Collected data:
■ ■ ■ ■
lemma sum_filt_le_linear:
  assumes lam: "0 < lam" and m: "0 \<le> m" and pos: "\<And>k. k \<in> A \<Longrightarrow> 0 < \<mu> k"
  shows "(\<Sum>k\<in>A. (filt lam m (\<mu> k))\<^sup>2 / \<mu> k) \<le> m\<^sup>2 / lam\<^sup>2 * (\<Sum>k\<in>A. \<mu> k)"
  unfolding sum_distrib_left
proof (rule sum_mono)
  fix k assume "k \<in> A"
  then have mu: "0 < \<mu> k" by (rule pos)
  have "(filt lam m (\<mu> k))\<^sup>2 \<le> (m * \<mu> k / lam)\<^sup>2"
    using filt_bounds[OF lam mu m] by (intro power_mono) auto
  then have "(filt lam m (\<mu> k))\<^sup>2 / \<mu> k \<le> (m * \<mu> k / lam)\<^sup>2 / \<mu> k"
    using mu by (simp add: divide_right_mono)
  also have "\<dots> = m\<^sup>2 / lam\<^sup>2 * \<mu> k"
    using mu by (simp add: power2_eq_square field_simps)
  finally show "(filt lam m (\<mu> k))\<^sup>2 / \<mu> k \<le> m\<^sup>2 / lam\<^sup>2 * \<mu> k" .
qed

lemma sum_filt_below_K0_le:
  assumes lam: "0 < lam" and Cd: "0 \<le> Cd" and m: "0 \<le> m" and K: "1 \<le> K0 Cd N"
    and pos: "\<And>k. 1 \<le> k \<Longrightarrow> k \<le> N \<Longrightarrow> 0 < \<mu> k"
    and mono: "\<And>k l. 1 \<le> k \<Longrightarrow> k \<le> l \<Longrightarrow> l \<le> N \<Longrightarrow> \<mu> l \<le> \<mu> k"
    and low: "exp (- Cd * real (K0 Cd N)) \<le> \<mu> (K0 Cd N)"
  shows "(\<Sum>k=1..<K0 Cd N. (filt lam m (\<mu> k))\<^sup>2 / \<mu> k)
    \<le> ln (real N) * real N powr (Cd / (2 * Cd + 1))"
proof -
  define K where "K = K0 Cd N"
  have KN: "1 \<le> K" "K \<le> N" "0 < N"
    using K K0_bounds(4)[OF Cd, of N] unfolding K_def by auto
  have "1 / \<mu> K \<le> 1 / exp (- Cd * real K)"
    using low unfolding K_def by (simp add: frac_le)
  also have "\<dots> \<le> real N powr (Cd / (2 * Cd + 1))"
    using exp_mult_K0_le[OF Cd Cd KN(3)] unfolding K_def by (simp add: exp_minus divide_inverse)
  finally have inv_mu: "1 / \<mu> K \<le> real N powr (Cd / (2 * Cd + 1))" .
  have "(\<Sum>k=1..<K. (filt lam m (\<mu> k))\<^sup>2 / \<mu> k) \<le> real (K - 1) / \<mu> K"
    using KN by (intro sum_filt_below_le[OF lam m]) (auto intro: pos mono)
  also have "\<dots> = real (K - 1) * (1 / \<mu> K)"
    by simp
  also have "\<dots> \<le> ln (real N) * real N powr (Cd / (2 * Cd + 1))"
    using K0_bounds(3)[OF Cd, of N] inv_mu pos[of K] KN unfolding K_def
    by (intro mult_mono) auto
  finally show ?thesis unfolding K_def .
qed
■ ■ ■ ■
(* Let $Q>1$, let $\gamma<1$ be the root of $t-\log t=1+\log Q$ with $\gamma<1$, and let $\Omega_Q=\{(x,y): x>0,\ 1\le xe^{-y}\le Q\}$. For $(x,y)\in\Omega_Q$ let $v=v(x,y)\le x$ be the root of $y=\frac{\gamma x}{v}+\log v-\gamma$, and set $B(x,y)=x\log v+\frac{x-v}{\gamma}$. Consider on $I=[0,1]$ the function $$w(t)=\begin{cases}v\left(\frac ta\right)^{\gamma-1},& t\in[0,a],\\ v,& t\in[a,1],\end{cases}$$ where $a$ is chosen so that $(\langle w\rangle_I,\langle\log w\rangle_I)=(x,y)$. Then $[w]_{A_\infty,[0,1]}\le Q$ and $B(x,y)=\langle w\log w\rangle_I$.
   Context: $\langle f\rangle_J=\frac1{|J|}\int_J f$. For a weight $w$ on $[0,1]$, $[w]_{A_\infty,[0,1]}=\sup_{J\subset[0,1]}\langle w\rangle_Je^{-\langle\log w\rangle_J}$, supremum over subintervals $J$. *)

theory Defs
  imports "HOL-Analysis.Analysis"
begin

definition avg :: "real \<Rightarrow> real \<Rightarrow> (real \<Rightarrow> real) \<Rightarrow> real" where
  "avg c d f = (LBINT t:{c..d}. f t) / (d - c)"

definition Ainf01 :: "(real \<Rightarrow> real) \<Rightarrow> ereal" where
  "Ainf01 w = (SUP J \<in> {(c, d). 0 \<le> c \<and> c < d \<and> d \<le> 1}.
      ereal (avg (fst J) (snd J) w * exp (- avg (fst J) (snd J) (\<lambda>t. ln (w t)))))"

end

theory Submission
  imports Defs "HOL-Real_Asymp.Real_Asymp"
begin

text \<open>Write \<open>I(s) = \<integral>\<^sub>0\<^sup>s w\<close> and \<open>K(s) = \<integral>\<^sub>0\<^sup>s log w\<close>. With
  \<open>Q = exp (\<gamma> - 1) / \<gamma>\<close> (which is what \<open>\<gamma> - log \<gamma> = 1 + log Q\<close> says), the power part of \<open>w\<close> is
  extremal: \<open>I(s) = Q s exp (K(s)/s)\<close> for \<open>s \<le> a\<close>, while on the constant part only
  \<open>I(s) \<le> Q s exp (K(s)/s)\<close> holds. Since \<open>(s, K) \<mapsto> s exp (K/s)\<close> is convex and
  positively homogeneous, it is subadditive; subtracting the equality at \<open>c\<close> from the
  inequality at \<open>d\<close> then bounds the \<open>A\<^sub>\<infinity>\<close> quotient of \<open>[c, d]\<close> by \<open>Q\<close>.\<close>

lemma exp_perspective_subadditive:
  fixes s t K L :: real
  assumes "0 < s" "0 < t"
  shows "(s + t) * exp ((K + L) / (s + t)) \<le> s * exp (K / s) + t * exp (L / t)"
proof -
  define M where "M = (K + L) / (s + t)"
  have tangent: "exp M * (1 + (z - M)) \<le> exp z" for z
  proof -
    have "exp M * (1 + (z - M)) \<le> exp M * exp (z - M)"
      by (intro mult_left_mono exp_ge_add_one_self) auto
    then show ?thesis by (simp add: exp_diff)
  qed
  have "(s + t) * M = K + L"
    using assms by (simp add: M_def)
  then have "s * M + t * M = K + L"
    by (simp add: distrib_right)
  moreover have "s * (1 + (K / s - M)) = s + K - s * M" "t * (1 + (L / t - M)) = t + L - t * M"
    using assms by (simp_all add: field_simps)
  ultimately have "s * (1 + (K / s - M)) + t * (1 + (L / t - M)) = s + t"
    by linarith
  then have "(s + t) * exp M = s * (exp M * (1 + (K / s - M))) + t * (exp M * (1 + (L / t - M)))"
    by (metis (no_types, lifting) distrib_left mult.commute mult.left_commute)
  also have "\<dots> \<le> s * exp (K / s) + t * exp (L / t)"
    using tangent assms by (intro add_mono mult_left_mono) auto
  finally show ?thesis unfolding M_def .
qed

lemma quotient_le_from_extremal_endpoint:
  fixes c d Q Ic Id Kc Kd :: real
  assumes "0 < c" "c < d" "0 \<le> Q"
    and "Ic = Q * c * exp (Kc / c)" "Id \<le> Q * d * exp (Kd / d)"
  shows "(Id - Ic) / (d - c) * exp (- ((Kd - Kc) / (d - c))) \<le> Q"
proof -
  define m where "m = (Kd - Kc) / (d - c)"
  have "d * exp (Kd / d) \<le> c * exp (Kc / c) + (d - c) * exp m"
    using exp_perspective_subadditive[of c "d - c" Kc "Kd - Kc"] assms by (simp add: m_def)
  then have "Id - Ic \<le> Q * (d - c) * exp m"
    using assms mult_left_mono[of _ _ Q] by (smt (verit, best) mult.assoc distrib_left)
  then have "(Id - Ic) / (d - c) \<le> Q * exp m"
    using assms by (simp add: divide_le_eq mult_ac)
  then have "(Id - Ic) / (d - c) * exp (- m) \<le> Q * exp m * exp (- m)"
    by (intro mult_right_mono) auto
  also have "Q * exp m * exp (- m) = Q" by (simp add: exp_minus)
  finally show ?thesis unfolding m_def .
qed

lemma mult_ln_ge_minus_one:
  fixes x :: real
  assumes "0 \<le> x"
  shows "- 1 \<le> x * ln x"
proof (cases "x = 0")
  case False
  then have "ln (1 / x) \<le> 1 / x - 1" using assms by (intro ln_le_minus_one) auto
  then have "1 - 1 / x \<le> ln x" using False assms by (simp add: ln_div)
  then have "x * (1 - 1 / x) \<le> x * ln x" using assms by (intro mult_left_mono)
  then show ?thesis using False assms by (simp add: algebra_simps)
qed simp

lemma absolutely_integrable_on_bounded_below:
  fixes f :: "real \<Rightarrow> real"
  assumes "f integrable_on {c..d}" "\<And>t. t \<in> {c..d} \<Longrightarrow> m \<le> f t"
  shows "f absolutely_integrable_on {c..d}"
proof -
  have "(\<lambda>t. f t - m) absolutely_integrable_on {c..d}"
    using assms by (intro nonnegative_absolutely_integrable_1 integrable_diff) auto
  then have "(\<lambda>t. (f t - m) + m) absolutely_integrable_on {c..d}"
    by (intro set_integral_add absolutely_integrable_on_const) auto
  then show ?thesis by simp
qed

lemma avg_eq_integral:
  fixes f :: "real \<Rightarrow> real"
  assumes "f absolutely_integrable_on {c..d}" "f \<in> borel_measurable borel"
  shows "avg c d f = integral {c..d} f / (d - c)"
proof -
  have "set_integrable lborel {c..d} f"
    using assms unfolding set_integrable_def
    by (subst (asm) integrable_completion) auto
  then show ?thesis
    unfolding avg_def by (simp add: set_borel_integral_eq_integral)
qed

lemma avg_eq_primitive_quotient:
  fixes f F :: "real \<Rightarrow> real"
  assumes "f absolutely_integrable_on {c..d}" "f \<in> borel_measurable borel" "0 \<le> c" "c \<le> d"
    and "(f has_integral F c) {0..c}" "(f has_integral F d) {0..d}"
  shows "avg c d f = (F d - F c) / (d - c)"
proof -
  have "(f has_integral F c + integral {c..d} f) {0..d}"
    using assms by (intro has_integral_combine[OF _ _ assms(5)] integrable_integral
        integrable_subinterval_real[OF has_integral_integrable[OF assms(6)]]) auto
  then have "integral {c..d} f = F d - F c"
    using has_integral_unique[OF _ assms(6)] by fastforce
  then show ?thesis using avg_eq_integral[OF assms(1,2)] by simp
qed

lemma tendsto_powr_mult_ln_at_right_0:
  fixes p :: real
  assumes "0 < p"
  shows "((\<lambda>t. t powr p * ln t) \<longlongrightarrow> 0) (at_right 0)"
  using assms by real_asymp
■ ■ ■ ■
## [Directions for this task]
Copy the entries above exactly, but only from the line holding "using assms mult_left_mono[of" through the line holding "using assms by (intro has_integral_combine[OF", both included.

## [Solution below]
    using assms mult_left_mono[of _ _ Q] by (smt (verit, best) mult.assoc distrib_left)
  then have "(Id - Ic) / (d - c) \<le> Q * exp m"
    using assms by (simp add: divide_le_eq mult_ac)
  then have "(Id - Ic) / (d - c) * exp (- m) \<le> Q * exp m * exp (- m)"
    by (intro mult_right_mono) auto
  also have "Q * exp m * exp (- m) = Q" by (simp add: exp_minus)
  finally show ?thesis unfolding m_def .
qed

lemma mult_ln_ge_minus_one:
  fixes x :: real
  assumes "0 \<le> x"
  shows "- 1 \<le> x * ln x"
proof (cases "x = 0")
  case False
  then have "ln (1 / x) \<le> 1 / x - 1" using assms by (intro ln_le_minus_one) auto
  then have "1 - 1 / x \<le> ln x" using False assms by (simp add: ln_div)
  then have "x * (1 - 1 / x) \<le> x * ln x" using assms by (intro mult_left_mono)
  then show ?thesis using False assms by (simp add: algebra_simps)
qed simp

lemma absolutely_integrable_on_bounded_below:
  fixes f :: "real \<Rightarrow> real"
  assumes "f integrable_on {c..d}" "\<And>t. t \<in> {c..d} \<Longrightarrow> m \<le> f t"
  shows "f absolutely_integrable_on {c..d}"
proof -
  have "(\<lambda>t. f t - m) absolutely_integrable_on {c..d}"
    using assms by (intro nonnegative_absolutely_integrable_1 integrable_diff) auto
  then have "(\<lambda>t. (f t - m) + m) absolutely_integrable_on {c..d}"
    by (intro set_integral_add absolutely_integrable_on_const) auto
  then show ?thesis by simp
qed

lemma avg_eq_integral:
  fixes f :: "real \<Rightarrow> real"
  assumes "f absolutely_integrable_on {c..d}" "f \<in> borel_measurable borel"
  shows "avg c d f = integral {c..d} f / (d - c)"
proof -
  have "set_integrable lborel {c..d} f"
    using assms unfolding set_integrable_def
    by (subst (asm) integrable_completion) auto
  then show ?thesis
    unfolding avg_def by (simp add: set_borel_integral_eq_integral)
qed

lemma avg_eq_primitive_quotient:
  fixes f F :: "real \<Rightarrow> real"
  assumes "f absolutely_integrable_on {c..d}" "f \<in> borel_measurable borel" "0 \<le> c" "c \<le> d"
    and "(f has_integral F c) {0..c}" "(f has_integral F d) {0..d}"
  shows "avg c d f = (F d - F c) / (d - c)"
proof -
  have "(f has_integral F c + integral {c..d} f) {0..d}"
    using assms by (intro has_integral_combine[OF _ _ assms(5)] integrable_integral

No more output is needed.